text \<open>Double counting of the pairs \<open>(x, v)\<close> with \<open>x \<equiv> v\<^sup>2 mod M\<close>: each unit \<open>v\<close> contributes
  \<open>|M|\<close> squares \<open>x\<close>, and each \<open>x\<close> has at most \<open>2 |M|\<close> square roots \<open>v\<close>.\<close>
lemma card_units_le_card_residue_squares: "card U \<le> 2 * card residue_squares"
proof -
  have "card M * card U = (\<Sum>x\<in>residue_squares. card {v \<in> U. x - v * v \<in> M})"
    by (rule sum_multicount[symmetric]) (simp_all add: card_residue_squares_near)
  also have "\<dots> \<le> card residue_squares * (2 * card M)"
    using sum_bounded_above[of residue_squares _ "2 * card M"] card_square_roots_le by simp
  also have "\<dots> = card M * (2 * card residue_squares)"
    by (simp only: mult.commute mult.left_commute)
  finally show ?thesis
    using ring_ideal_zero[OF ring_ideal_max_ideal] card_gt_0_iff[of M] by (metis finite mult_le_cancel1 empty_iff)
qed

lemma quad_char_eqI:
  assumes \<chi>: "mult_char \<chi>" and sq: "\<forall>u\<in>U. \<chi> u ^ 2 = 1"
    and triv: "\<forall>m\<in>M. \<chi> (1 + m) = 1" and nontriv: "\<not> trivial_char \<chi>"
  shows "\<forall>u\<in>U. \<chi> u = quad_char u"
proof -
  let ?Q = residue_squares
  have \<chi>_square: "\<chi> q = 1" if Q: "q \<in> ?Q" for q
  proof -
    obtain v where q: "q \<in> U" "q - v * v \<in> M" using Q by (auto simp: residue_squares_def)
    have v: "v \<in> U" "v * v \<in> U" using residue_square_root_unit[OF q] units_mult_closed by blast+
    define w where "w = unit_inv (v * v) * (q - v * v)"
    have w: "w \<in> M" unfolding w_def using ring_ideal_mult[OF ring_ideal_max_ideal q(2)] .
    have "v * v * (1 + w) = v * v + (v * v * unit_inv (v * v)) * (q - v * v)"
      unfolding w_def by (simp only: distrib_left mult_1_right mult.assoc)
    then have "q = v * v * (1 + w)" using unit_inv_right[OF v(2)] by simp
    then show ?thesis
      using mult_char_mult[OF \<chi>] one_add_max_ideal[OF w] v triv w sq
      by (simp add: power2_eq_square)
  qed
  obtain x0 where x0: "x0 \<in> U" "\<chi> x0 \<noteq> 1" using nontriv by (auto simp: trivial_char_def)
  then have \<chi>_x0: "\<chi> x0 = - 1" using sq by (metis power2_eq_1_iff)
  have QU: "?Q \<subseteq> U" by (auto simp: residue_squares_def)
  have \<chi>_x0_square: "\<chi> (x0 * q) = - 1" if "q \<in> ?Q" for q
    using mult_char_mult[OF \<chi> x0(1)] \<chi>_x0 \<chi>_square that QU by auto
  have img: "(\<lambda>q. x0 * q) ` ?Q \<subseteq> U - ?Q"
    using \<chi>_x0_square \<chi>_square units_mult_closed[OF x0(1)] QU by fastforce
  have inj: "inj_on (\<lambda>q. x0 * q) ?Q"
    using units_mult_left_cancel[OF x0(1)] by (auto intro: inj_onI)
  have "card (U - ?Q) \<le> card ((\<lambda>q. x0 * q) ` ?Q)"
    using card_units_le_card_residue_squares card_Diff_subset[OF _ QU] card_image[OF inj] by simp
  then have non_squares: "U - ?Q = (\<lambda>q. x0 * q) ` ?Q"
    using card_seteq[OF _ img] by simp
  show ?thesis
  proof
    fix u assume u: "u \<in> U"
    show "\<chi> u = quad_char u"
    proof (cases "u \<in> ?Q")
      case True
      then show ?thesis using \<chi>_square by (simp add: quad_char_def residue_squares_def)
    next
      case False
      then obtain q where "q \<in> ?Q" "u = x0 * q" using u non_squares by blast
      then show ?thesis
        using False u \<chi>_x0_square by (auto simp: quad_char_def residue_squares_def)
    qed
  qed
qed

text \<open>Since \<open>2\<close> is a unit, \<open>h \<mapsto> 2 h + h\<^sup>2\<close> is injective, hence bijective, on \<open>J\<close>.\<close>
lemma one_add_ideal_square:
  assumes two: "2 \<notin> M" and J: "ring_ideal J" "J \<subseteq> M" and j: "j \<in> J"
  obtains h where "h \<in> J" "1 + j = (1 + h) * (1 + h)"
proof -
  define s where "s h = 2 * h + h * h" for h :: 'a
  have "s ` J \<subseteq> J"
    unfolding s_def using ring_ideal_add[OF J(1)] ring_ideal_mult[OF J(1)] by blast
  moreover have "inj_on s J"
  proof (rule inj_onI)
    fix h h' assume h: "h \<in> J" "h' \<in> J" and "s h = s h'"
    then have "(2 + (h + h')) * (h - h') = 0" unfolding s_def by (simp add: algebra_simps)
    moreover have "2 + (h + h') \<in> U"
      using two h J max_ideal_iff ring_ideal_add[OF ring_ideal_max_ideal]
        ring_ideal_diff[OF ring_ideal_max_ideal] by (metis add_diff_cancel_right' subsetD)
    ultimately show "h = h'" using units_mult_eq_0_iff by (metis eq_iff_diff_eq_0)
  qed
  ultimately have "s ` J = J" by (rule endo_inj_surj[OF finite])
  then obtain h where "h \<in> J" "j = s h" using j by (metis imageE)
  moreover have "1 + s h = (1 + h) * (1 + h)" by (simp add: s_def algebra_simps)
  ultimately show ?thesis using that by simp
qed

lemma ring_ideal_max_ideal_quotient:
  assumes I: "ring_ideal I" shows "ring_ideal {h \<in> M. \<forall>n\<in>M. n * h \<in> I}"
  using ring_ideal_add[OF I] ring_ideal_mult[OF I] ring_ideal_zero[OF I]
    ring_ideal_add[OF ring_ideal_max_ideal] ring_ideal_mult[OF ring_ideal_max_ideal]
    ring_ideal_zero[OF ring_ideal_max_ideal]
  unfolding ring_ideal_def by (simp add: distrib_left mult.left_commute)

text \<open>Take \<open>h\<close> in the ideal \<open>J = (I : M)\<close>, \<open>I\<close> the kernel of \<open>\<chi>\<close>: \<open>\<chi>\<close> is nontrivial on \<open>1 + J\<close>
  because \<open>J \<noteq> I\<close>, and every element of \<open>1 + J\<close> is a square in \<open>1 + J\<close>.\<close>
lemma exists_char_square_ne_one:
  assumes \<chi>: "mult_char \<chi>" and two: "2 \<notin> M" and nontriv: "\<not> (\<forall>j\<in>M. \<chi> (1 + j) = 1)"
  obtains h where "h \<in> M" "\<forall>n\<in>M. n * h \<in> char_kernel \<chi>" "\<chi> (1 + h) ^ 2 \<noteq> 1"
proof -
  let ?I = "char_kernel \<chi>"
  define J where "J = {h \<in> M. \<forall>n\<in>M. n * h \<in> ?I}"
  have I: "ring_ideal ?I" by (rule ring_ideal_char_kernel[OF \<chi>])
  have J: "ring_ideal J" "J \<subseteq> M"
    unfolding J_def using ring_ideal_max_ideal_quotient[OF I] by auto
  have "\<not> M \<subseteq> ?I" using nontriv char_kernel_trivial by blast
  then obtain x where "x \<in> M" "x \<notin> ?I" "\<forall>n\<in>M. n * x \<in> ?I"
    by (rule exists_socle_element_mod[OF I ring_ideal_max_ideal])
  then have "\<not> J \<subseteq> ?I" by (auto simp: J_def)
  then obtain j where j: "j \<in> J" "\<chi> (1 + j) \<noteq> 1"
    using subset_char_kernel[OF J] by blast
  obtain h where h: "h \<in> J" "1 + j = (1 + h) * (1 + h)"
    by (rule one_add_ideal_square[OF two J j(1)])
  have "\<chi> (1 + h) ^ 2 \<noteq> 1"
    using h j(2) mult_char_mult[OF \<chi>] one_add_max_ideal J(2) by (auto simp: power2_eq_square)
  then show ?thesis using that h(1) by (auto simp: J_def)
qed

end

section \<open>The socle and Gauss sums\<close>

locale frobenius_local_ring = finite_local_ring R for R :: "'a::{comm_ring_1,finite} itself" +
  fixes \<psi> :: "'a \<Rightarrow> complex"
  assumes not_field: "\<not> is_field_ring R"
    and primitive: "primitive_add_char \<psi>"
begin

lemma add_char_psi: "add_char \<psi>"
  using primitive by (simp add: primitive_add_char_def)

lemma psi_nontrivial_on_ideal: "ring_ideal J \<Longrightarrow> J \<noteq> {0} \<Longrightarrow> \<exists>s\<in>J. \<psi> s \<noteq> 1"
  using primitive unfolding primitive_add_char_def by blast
::::
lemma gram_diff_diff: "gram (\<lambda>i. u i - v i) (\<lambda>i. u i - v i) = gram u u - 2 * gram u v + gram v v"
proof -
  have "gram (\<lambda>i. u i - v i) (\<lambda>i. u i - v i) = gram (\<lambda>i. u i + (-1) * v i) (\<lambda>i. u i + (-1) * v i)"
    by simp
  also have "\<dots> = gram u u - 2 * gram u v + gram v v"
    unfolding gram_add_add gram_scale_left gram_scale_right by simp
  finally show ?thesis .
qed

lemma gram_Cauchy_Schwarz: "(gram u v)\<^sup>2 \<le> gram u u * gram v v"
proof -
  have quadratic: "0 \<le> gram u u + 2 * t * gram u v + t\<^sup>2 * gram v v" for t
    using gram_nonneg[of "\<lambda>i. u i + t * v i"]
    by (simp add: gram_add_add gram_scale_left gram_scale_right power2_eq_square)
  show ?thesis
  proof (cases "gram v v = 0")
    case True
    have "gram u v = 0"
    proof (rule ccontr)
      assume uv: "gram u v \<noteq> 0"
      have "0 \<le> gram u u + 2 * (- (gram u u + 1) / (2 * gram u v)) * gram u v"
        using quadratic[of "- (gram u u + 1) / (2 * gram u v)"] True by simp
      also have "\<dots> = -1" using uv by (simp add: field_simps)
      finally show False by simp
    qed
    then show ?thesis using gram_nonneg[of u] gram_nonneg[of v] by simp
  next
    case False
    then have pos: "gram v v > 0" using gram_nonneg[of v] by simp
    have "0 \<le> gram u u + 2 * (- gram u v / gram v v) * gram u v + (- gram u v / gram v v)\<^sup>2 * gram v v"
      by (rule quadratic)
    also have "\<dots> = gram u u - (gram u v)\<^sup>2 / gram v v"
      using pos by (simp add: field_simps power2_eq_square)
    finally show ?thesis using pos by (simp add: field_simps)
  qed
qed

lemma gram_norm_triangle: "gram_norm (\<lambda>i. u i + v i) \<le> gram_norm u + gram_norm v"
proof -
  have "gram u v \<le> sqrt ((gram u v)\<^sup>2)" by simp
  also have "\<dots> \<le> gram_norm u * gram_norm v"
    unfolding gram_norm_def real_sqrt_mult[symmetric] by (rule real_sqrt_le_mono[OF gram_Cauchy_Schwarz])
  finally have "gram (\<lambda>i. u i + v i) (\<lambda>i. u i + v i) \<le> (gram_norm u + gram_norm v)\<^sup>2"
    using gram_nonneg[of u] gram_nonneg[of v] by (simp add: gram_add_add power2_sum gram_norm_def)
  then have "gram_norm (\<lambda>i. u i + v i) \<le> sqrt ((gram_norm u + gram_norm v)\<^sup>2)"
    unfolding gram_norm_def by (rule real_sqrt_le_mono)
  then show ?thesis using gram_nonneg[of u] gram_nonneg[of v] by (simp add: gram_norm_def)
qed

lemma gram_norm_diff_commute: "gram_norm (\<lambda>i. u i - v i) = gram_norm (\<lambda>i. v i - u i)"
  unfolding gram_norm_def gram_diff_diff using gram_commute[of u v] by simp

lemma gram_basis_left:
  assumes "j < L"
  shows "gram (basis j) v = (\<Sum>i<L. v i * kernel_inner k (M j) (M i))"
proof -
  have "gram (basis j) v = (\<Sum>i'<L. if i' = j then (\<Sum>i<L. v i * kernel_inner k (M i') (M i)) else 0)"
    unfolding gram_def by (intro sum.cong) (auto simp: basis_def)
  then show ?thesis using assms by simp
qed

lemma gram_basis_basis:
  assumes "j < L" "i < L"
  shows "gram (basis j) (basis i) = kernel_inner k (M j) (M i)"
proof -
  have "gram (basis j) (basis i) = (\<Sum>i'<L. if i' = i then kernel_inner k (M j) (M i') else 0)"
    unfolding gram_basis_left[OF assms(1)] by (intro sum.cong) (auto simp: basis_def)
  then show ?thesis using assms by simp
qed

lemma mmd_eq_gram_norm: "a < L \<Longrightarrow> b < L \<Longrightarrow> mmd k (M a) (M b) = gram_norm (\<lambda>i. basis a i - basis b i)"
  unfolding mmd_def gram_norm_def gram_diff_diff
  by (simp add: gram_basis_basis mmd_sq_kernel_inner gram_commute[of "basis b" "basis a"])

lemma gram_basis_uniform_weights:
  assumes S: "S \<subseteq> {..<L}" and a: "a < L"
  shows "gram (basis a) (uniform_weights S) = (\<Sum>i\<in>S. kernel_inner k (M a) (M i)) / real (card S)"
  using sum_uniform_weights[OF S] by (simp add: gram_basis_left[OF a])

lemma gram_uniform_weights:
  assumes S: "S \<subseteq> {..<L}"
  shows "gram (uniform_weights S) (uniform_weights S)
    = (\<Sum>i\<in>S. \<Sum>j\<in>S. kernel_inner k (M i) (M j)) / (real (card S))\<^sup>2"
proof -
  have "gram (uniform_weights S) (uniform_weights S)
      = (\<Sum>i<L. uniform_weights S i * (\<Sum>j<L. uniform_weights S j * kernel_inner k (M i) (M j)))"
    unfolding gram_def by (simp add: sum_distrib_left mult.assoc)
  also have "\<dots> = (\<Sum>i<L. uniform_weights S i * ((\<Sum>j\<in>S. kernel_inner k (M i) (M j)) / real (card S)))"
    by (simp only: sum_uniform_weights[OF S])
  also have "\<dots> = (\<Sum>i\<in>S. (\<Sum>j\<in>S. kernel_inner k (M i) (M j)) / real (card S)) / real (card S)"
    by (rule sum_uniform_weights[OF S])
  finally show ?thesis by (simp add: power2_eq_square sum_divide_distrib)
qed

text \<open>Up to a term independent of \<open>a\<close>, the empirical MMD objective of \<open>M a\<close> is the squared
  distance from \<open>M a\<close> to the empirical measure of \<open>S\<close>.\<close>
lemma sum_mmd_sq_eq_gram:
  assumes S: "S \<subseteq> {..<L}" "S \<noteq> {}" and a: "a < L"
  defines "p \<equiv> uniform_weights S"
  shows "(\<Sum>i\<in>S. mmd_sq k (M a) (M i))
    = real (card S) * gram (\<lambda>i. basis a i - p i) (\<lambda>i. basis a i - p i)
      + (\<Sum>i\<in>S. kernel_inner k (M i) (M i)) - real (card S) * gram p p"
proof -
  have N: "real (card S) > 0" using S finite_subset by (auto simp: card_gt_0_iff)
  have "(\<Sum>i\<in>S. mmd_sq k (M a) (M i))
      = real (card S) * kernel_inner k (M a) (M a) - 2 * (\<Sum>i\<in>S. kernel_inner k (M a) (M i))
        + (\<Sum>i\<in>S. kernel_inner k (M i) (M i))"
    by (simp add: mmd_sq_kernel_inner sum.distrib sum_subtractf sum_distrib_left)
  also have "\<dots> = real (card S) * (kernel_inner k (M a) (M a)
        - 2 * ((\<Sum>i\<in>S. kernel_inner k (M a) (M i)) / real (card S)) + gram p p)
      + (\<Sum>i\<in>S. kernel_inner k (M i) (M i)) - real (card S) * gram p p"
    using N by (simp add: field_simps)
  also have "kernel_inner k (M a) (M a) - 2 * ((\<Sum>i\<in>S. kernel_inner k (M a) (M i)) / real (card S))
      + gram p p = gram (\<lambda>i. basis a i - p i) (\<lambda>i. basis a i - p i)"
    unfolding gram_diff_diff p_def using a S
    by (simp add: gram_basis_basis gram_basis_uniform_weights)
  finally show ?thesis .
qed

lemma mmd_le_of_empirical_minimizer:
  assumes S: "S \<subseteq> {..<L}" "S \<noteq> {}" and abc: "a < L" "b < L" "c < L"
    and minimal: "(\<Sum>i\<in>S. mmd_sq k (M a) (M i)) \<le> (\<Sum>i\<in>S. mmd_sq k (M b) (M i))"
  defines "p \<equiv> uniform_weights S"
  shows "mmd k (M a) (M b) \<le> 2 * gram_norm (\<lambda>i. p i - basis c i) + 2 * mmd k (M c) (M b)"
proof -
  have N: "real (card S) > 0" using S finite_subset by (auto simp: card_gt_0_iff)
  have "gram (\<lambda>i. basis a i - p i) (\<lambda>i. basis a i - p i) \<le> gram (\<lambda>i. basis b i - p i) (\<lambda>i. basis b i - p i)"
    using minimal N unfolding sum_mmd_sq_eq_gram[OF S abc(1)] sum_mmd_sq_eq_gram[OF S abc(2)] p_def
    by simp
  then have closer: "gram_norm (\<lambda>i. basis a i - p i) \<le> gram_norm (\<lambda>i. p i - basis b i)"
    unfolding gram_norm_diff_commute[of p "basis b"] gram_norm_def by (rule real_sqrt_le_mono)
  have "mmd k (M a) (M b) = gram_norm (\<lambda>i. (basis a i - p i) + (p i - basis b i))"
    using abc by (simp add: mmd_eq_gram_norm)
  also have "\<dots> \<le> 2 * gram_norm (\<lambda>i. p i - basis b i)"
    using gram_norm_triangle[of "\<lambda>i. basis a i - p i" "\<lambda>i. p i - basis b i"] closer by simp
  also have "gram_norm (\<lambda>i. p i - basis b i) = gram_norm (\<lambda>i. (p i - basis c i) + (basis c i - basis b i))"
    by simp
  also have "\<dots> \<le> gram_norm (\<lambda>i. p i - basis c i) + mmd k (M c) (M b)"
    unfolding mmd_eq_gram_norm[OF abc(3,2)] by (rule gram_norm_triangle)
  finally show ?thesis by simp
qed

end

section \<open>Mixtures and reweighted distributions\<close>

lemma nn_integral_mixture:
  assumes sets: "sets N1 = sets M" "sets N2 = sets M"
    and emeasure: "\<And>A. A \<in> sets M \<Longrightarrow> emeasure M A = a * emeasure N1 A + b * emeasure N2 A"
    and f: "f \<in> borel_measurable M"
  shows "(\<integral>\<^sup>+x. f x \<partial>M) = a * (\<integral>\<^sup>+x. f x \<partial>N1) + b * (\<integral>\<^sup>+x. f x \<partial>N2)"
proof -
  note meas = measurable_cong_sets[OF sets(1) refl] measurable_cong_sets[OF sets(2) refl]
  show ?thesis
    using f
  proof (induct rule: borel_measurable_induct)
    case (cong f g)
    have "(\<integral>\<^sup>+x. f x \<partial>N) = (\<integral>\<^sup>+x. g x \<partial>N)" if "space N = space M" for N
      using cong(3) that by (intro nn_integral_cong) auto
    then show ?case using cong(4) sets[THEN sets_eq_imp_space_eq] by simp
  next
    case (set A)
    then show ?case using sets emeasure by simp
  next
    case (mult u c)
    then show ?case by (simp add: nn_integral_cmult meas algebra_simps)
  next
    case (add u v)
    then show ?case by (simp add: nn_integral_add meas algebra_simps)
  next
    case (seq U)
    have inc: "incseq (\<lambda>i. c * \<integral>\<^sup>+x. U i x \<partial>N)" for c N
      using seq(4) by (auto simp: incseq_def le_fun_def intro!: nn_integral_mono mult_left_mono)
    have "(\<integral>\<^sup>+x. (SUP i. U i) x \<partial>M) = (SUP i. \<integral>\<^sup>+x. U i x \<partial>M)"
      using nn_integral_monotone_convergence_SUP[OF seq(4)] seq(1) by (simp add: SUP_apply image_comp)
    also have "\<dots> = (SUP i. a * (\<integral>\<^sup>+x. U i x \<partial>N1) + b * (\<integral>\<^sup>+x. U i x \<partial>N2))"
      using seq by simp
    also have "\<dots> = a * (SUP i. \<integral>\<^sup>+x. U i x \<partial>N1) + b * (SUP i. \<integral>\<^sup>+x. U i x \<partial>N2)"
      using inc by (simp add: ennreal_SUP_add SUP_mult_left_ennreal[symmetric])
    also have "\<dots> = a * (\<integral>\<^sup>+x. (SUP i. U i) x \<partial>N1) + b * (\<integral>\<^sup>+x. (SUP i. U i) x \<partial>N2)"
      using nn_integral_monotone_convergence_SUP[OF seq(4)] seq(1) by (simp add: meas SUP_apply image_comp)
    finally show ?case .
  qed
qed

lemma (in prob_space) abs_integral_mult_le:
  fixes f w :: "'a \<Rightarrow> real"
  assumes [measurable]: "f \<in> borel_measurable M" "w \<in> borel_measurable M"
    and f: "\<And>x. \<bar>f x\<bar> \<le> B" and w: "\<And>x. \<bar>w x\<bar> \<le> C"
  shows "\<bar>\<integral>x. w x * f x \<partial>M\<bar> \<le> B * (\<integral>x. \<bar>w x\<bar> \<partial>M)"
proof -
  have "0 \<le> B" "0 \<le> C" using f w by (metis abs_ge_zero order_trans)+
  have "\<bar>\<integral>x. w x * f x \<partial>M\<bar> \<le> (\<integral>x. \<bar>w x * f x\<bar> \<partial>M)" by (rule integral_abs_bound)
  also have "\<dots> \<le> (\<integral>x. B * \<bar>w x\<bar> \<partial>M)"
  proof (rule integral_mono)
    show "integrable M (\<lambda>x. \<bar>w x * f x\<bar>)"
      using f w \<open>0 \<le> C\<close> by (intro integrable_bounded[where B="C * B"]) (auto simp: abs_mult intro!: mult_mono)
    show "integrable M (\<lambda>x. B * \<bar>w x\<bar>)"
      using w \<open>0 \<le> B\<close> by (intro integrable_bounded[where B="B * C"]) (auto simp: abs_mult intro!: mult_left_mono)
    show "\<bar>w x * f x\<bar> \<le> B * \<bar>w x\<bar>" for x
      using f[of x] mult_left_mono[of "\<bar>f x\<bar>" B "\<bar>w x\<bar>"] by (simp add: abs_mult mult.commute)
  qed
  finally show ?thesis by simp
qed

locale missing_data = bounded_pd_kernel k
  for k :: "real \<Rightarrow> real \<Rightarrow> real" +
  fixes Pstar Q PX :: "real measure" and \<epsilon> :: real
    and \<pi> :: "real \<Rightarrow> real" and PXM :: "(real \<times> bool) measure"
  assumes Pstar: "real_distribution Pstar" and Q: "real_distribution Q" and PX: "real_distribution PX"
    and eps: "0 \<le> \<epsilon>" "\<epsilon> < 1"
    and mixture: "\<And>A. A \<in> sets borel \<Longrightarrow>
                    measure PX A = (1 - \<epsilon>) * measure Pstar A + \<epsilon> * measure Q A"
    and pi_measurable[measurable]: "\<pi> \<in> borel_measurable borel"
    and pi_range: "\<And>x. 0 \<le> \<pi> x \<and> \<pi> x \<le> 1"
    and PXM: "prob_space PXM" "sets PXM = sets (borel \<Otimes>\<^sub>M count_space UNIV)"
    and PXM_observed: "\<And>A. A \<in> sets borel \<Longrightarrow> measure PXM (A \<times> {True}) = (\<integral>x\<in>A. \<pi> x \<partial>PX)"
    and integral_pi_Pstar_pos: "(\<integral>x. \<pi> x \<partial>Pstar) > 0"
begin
::::
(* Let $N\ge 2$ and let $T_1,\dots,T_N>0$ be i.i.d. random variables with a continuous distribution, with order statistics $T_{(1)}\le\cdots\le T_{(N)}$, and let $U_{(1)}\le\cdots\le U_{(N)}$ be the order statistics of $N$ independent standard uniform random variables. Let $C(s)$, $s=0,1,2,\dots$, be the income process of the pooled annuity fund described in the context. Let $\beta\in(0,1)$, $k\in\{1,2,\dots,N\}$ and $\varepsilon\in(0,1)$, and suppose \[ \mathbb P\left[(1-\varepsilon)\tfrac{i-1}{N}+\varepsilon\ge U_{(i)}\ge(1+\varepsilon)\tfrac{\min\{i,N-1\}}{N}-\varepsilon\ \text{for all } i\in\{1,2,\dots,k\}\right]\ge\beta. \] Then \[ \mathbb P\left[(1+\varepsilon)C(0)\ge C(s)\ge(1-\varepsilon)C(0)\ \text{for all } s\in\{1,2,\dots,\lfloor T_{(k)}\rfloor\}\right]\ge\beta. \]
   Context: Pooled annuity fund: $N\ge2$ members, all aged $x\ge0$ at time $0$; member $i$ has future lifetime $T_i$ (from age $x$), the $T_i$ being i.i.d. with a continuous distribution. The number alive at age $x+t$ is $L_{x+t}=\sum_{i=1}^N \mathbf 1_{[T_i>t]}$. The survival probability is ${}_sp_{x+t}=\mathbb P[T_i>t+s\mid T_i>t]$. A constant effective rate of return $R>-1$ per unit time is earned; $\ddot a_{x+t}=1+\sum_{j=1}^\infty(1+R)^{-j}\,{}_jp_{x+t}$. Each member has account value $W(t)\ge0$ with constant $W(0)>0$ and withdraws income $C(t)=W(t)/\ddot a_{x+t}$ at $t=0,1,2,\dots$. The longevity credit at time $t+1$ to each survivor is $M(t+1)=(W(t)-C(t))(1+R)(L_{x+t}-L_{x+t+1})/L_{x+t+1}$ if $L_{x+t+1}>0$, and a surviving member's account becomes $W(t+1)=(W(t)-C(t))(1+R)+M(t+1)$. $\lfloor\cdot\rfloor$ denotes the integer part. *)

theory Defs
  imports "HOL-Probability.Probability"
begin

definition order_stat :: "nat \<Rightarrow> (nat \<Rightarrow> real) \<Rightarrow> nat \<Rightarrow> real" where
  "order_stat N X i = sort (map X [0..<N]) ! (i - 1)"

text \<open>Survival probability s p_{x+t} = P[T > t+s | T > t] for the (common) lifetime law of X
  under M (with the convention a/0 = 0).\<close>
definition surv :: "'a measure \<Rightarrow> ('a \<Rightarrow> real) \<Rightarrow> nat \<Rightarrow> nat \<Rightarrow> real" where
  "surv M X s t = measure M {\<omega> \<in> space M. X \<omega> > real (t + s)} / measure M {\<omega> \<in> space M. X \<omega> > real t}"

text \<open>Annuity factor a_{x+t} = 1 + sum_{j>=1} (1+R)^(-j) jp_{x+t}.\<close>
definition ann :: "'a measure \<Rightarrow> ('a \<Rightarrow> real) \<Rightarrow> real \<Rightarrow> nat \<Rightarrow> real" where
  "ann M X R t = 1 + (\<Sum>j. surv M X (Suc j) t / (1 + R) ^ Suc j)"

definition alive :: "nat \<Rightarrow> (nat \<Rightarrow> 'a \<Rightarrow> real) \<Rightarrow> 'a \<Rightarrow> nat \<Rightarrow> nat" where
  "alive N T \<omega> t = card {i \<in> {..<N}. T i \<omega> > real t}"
::::
### Your assignment
State how many lines in the entries hold the word "section", giving the number alone.

### Answer box
2